## Work instruction
Could you reproduce the lines below from the one with "z \<longleftrightarrow> Im" through the one with "(nat \<Rightarrow> nat"? Keep both ends and add nothing.
(Beginning of Records for this task)
(* Let $n \ge 4$ and let $a \in \mathbb{N}$ with $a^2 \le n$. Then there exist diagonal matrices $v_1, \dots, v_a \in M_n(\mathbb{C})$ with $\sum_{i=1}^a v_i^* v_i = \sum_{i=1}^a v_i v_i^* = I$ such that the map $\varphi(A) = \sum_{i=1}^a v_i^* A v_i$ ($A \in M_n(\mathbb{C})$) is an extremal point of $UCPT(n)$ with $r(\varphi) = a$. Consequently, the corresponding state $\pi(\varphi)$ is an extremal point of $\Gamma(n)$ which is a diagonal marginal tracial state of rank $a$.
   Context: $\mathrm{tr}$ is the normalized trace on $M_n(\mathbb{C})$ and ${}^tB$ the transpose with respect to a fixed orthonormal basis. $UCPT(n)$ is the convex set of unital, completely positive, trace-preserving linear maps $M_n(\mathbb{C}) \to M_n(\mathbb{C})$. For $\varphi \in UCPT(n)$, $r(\varphi)$ is the number $k$ of terms in a representation $\varphi(A) = \sum_{i=1}^k v_i^*Av_i$ with $v_1,\dots,v_k$ linearly independent (this number is uniquely determined). $\Gamma(n)$ is the convex set of states $\rho$ on $M_n(\mathbb{C}) \otimes M_n(\mathbb{C})$ with $\rho(A \otimes I) = \mathrm{tr}(A)$ and $\rho(I\otimes B) = \mathrm{tr}(B)$ for all $A,B$ (marginal tracial states). The map $\pi: UCPT(n) \to \Gamma(n)$ is $\pi(\varphi)(A\otimes B) = \mathrm{tr}(\varphi(A)\,{}^tB)$; it is a bijection preserving extremality, with $\mathrm{rank}(\pi(\varphi)) = r(\varphi)$, where the rank of a state is the rank of its density matrix. A linear map $\varphi$ on $M_n(\mathbb{C})$ is diagonal if $\varphi(A) = C \circ A$ (Schur/entrywise product) for some $C \in M_n(\mathbb{C})$; a marginal tracial state is diagonal if it equals $\pi(\varphi)$ for a diagonal $\varphi \in UCPT(n)$. *)

theory Defs
  imports "HOL-Analysis.Analysis"
begin

text \<open>Matrices in M_n(C) are represented as complex^'n^'n, where the finite
  index type 'n has CARD('n) = n elements (orthonormal basis indexed by 'n).\<close>

definition cnonneg :: "complex \<Rightarrow> bool" where
  "cnonneg z \<longleftrightarrow> Im z = 0 \<and> 0 \<le> Re z"

definition adj :: "complex^'n::finite^'m::finite \<Rightarrow> complex^'m::finite^'n::finite" where
  "adj A = (\<chi> i j. cnj (A $ j $ i))"

definition cscaleM :: "complex \<Rightarrow> complex^'n::finite^'m::finite \<Rightarrow> complex^'n::finite^'m::finite" where
  "cscaleM c A = (\<chi> i j. c * A $ i $ j)"

definition ntr :: "complex^'n::finite^'n::finite \<Rightarrow> complex" where
  "ntr A = (\<Sum>i\<in>UNIV. A $ i $ i) / of_nat CARD('n)"

definition Tr :: "complex^'n::finite^'n::finite \<Rightarrow> complex" where
  "Tr A = (\<Sum>i\<in>UNIV. A $ i $ i)"

definition clinear_map :: "(complex^'n::finite^'n::finite \<Rightarrow> complex^'m::finite^'m::finite) \<Rightarrow> bool" where
  "clinear_map f \<longleftrightarrow> (\<forall>A B. f (A + B) = f A + f B) \<and> (\<forall>c A. f (cscaleM c A) = cscaleM c (f A))"

definition clinear_functional :: "(complex^'n::finite^'n::finite \<Rightarrow> complex) \<Rightarrow> bool" where
  "clinear_functional f \<longleftrightarrow> (\<forall>A B. f (A + B) = f A + f B) \<and> (\<forall>c A. f (cscaleM c A) = c * f A)"

definition psd :: "complex^'m::finite^'m::finite \<Rightarrow> bool" where
  "psd X \<longleftrightarrow> (\<forall>x :: complex^'m. cnonneg (\<Sum>i\<in>UNIV. cnj (x $ i) * (X *v x) $ i))"

text \<open>Positive semidefiniteness of a k x k block matrix with blocks X p q in M_n(C),
  i.e. of an element of M_k(M_n(C)).\<close>
definition block_psd :: "nat \<Rightarrow> (nat \<Rightarrow> nat \<Rightarrow> complex^'n::finite^'n::finite) \<Rightarrow> bool" where
  "block_psd k X \<longleftrightarrow> (\<forall>x :: nat \<Rightarrow> complex^'n.
      cnonneg (\<Sum>p<k. \<Sum>q<k. \<Sum>i\<in>UNIV. cnj (x p $ i) * (X p q *v x q) $ i))"

text \<open>Complete positivity: id_k \<otimes> \<phi> is positive for every k.\<close>
definition completely_positive :: "(complex^'n::finite^'n::finite \<Rightarrow> complex^'n::finite^'n::finite) \<Rightarrow> bool" where
  "completely_positive \<phi> \<longleftrightarrow>
     (\<forall>k X. block_psd k X \<longrightarrow> block_psd k (\<lambda>p q. \<phi> (X p q)))"

definition UCPT :: "(complex^'n::finite^'n::finite \<Rightarrow> complex^'n::finite^'n::finite) set" where
  "UCPT = {\<phi>. clinear_map \<phi> \<and> completely_positive \<phi> \<and> \<phi> (mat 1) = mat 1 \<and>
               (\<forall>A. ntr (\<phi> A) = ntr A)}"

definition extreme_in :: "('a \<Rightarrow> 'b::real_vector) set \<Rightarrow> ('a \<Rightarrow> 'b) \<Rightarrow> bool" where
  "extreme_in C x \<longleftrightarrow> x \<in> C \<and>
     (\<forall>y\<in>C. \<forall>z\<in>C. \<forall>t::real. 0 < t \<and> t < 1 \<and> x = (\<lambda>A. t *\<^sub>R y A + (1 - t) *\<^sub>R z A)
        \<longrightarrow> y = z)"

definition cindep_fam :: "nat \<Rightarrow> (nat \<Rightarrow> complex^'n::finite^'m::finite) \<Rightarrow> bool" where
  "cindep_fam k w \<longleftrightarrow>
     (\<forall>c :: nat \<Rightarrow> complex. (\<Sum>i<k. cscaleM (c i) (w i)) = 0 \<longrightarrow> (\<forall>i<k. c i = 0))"

definition kraus_rank :: "(complex^'n::finite^'n::finite \<Rightarrow> complex^'n::finite^'n::finite) \<Rightarrow> nat" where
  "kraus_rank \<phi> = (LEAST k. \<exists>w. cindep_fam k w \<and>
       (\<forall>A. \<phi> A = (\<Sum>i<k. adj (w i) ** A ** w i)))"

text \<open>M_n(C) \<otimes> M_n(C) realised as M_{n^2}(C) indexed by 'n \<times> 'n (Kronecker product).\<close>
definition kron :: "complex^'n::finite^'n::finite \<Rightarrow> complex^'n::finite^'n::finite \<Rightarrow> complex^('n::finite \<times> 'n::finite)^('n::finite \<times> 'n::finite)" where
  "kron A B = (\<chi> p q. A $ fst p $ fst q * B $ snd p $ snd q)"

definition is_state :: "(complex^('n::finite \<times> 'n::finite)^('n::finite \<times> 'n::finite) \<Rightarrow> complex) \<Rightarrow> bool" where
  "is_state \<rho> \<longleftrightarrow> clinear_functional \<rho> \<and> (\<forall>X. psd X \<longrightarrow> cnonneg (\<rho> X)) \<and> \<rho> (mat 1) = 1"

definition Gamma_mts :: "(complex^('n::finite \<times> 'n::finite)^('n::finite \<times> 'n::finite) \<Rightarrow> complex) set" where
  "Gamma_mts = {\<rho>. is_state \<rho> \<and> (\<forall>A. \<rho> (kron A (mat 1)) = ntr A) \<and> (\<forall>B. \<rho> (kron (mat 1) B) = ntr B)}"

definition pi_map :: "(complex^'n::finite^'n::finite \<Rightarrow> complex^'n::finite^'n::finite) \<Rightarrow> (complex^('n::finite \<times> 'n::finite)^('n::finite \<times> 'n::finite) \<Rightarrow> complex)" where
  "pi_map \<phi> = (THE \<rho>. clinear_functional \<rho> \<and>
      (\<forall>A B. \<rho> (kron A B) = ntr (\<phi> A ** transpose B)))"

definition cindep_set :: "(complex^'m::finite) set \<Rightarrow> bool" where
  "cindep_set S \<longleftrightarrow> (\<forall>c :: complex^'m \<Rightarrow> complex.
      (\<Sum>x\<in>S. (\<chi> i. c x * x $ i)) = 0 \<longrightarrow> (\<forall>x\<in>S. c x = 0))"

definition crank :: "complex^'m::finite^'m::finite \<Rightarrow> nat" where
  "crank D = Max {card S | S. S \<subseteq> columns D \<and> cindep_set S}"

definition state_rank :: "(complex^'m::finite^'m::finite \<Rightarrow> complex) \<Rightarrow> nat" where
  "state_rank \<rho> = crank (THE D. \<forall>X. \<rho> X = Tr (D ** X))"

definition diagonal_map :: "(complex^'n::finite^'n::finite \<Rightarrow> complex^'n::finite^'n::finite) \<Rightarrow> bool" where
  "diagonal_map \<phi> \<longleftrightarrow> (\<exists>C. \<forall>A. \<phi> A = (\<chi> i j. C $ i $ j * A $ i $ j))"

definition diagonal_mts :: "(complex^('n::finite \<times> 'n::finite)^('n::finite \<times> 'n::finite) \<Rightarrow> complex) \<Rightarrow> bool" where
  "diagonal_mts \<rho> \<longleftrightarrow> (\<exists>\<psi>\<in>UCPT. diagonal_map \<psi> \<and> \<rho> = pi_map \<psi>)"

definition diagonal_matrix :: "complex^'n::finite^'n::finite \<Rightarrow> bool" where
  "diagonal_matrix v \<longleftrightarrow> (\<forall>i j. i \<noteq> j \<longrightarrow> v $ i $ j = 0)"

end

theory Submission
  imports Defs
begin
(End of Records for this task)
## Problem solution
  "cnonneg z \<longleftrightarrow> Im z = 0 \<and> 0 \<le> Re z"

definition adj :: "complex^'n::finite^'m::finite \<Rightarrow> complex^'m::finite^'n::finite" where
  "adj A = (\<chi> i j. cnj (A $ j $ i))"

definition cscaleM :: "complex \<Rightarrow> complex^'n::finite^'m::finite \<Rightarrow> complex^'n::finite^'m::finite" where
  "cscaleM c A = (\<chi> i j. c * A $ i $ j)"

definition ntr :: "complex^'n::finite^'n::finite \<Rightarrow> complex" where
  "ntr A = (\<Sum>i\<in>UNIV. A $ i $ i) / of_nat CARD('n)"

definition Tr :: "complex^'n::finite^'n::finite \<Rightarrow> complex" where
  "Tr A = (\<Sum>i\<in>UNIV. A $ i $ i)"

definition clinear_map :: "(complex^'n::finite^'n::finite \<Rightarrow> complex^'m::finite^'m::finite) \<Rightarrow> bool" where
  "clinear_map f \<longleftrightarrow> (\<forall>A B. f (A + B) = f A + f B) \<and> (\<forall>c A. f (cscaleM c A) = cscaleM c (f A))"

definition clinear_functional :: "(complex^'n::finite^'n::finite \<Rightarrow> complex) \<Rightarrow> bool" where
  "clinear_functional f \<longleftrightarrow> (\<forall>A B. f (A + B) = f A + f B) \<and> (\<forall>c A. f (cscaleM c A) = c * f A)"

definition psd :: "complex^'m::finite^'m::finite \<Rightarrow> bool" where
  "psd X \<longleftrightarrow> (\<forall>x :: complex^'m. cnonneg (\<Sum>i\<in>UNIV. cnj (x $ i) * (X *v x) $ i))"

text \<open>Positive semidefiniteness of a k x k block matrix with blocks X p q in M_n(C),
  i.e. of an element of M_k(M_n(C)).\<close>
definition block_psd :: "nat \<Rightarrow> (nat \<Rightarrow> nat \<Rightarrow> complex^'n::finite^'n::finite) \<Rightarrow> bool" where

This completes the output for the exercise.